🤖 AI Summary
This work addresses a fundamental challenge in discovery sampling with presence–absence data: determining whether all categories exceeding a given prevalence threshold have been observed. The authors establish the first non-asymptotic, distribution-free, and data-dependent upper confidence bound on the maximum unseen probability—the highest prevalence among unobserved categories—applicable to both bounded and unbounded category spaces, thereby overcoming the limitations of data-independent approaches. Leveraging this bound, they design a sequential stopping rule with finite-sample guarantees and prove its near-optimality via matching upper and lower bounds.
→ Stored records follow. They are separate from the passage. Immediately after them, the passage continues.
text \<open>An element \<open>g \<in> G\<close> is determined by its values at the points \<open>Min Q\<close>: every point of
  an orbit \<open>Q\<close> is \<open>k (Min Q)\<close> for some \<open>k \<in> G\<close>, and \<open>g (k x) = k (g x)\<close>.\<close>

lemma card_le_prod_card_orbits: "card G \<le> (\<Prod>Q\<in>orbits. card Q)"
proof -
  have Min_orbit: "Min Q \<in> Q" "orbit (Min Q) = Q" if Q: "Q \<in> orbits" for Q
  proof -
    obtain x where "Q = orbit x"
      using Q unfolding orbits_def by blast
    then show "Min Q \<in> Q"
      using Min_in[OF finite_orbit] mem_orbit_self by blast
    then show "orbit (Min Q) = Q"
      using Q orbit_eq by (auto simp: orbits_def)
  qed
  define F :: "(nat \<Rightarrow> nat) \<Rightarrow> nat set \<Rightarrow> nat"
    where "F g = (\<lambda>Q\<in>orbits. g (Min Q))" for g
  have "F ` G \<subseteq> PiE orbits (\<lambda>Q. Q)"
    using Min_orbit orbit_memI by (force simp: F_def)
  moreover have "inj_on F G"
  proof (rule inj_onI, rule ext)
    fix g h x assume g: "g \<in> G" and h: "h \<in> G" and eq: "F g = F h"
    show "g x = h x"
    proof (cases "x < n")
      case True
      define r where "r = Min (orbit x)"
      have Q: "orbit x \<in> orbits"
        using True by (simp add: orbits_def)
      then have "g r = h r"
        using fun_cong[OF eq, of "orbit x"] by (simp add: F_def r_def)
      obtain k where k: "k \<in> G" "x = k r"
        using Min_orbit(2)[OF Q] mem_orbit_self[of x] by (auto simp: orbit_def r_def)
      have "g x = k (g r)" "h x = k (h r)"
        using g h k by (simp_all add: commute_apply)
      with \<open>g r = h r\<close> show ?thesis
        by simp
    next
      case False
      then show ?thesis
        using permutes_not_in[OF permutes[OF g]] permutes_not_in[OF permutes[OF h]] by simp
    qed
  qed
  moreover have "finite (PiE orbits (\<lambda>Q. Q))"
    by (rule finite_PiE) (auto simp: orbits_def finite_orbit)
  ultimately have "card G \<le> card (PiE orbits (\<lambda>Q. Q))"
    by (simp add: card_inj_on_le)
  then show ?thesis
    by (simp add: card_PiE orbits_def)
qed

lemma nine_card_cube_le_eight_three_pow:
  assumes "\<not> 3 dvd n"
  shows "9 * card G ^ 3 \<le> 8 * 3 ^ n"
proof -
  have "\<exists>Q\<in>orbits. card Q \<noteq> 3"
  proof (rule ccontr)
    assume "\<not> (\<exists>Q\<in>orbits. card Q \<noteq> 3)"
    then have "n = 3 * card orbits"
      using sum_card_orbits by simp
    with assms show False
      by (metis dvd_triv_left)
  qed
  then obtain Q where "Q \<in> orbits" "card Q \<noteq> 3" ..
  then have "9 * (\<Prod>Q\<in>orbits. card Q) ^ 3 \<le> 8 * 3 ^ n"
    using nine_prod_cube_le_eight_three_pow_sum[of orbits Q card] sum_card_orbits
    by (simp add: orbits_def)
  moreover have "9 * card G ^ 3 \<le> 9 * (\<Prod>Q\<in>orbits. card Q) ^ 3"
    using card_le_prod_card_orbits by (simp add: power_mono)
  ultimately show ?thesis
    by (rule le_trans[rotated])
qed

end

text \<open>The double centralizer of a commuting set \<open>A\<close> is abelian: it is contained in the
  centralizer of \<open>A\<close>, which it centralizes.\<close>

lemma commuting_subset_abelian_perm_group:
  assumes "A \<subseteq> Sym n" "commuting A"
  defines "G \<equiv> Sym n \<inter> centralizer (Sym n \<inter> centralizer A)"
  shows "A \<subseteq> G" "abelian_perm_group G n"
proof -
  have A_centralizer: "A \<subseteq> Sym n \<inter> centralizer A"
    using assms(1,2) by (auto simp: commuting_def centralizer_def)
  then have G_centralizer: "G \<subseteq> Sym n \<inter> centralizer A"
    by (auto simp: G_def centralizer_def)
  show "A \<subseteq> G"
    using assms(1) by (auto simp: G_def centralizer_def)
  show "abelian_perm_group G n"
  proof
    show "G \<subseteq> Sym n" "id \<in> G"
      by (auto simp: G_def id_in_Sym centralizer_def)
    show "g \<circ> h \<in> G" if "g \<in> G" "h \<in> G" for g h
      using that by (auto simp: G_def Sym_def permutes_compose intro: comp_in_centralizer)
    show "inv g \<in> G" if "g \<in> G" for g
      using that by (auto simp: G_def Sym_def permutes_inv permutes_bij intro: inv_in_centralizer)
    show "commuting G"
      unfolding commuting_def
    proof (intro ballI)
      fix f g assume "f \<in> G" "g \<in> G"
      then show "f \<circ> g = g \<circ> f"
        using G_centralizer by (auto simp: G_def centralizer_def)
    qed
  qed
qed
The method is developed under a Bernoulli product model through nonparametric inference and worst-case analysis, exhibits robustness to contaminated data, and demonstrates reliable performance in guiding sampling termination decisions across both simulated and real-world datasets.
📝 Abstract
Discovery problems often require deciding whether additional sampling is needed to detect all categories whose prevalence exceeds a prespecified threshold. We study this question under a Bernoulli product (incidence) model, where categories are observed only through presence--absence across sampling units. Our inferential target is the \emph{maximum unseen probability}, the largest prevalence among categories not yet observed. We develop nonasymptotic, distribution-free upper confidence bounds for this quantity in two regimes: bounded alphabets (finite and known number of categories) and unbounded alphabets (countably infinite under a mild summability condition). We characterise the limits of data-independent worst-case bounds, showing that in the unbounded regime no nontrivial data-independent procedure can be uniformly valid. We then propose data-dependent bounds in both regimes and establish matching lower bounds demonstrating their near-optimality. We compare empirically the resulting procedures in both simulated and real datasets. Finally, we use these bounds to construct sequential stopping rules with finite-sample guarantees, and demonstrate robustness to contamination that introduces spurious low-prevalence categories.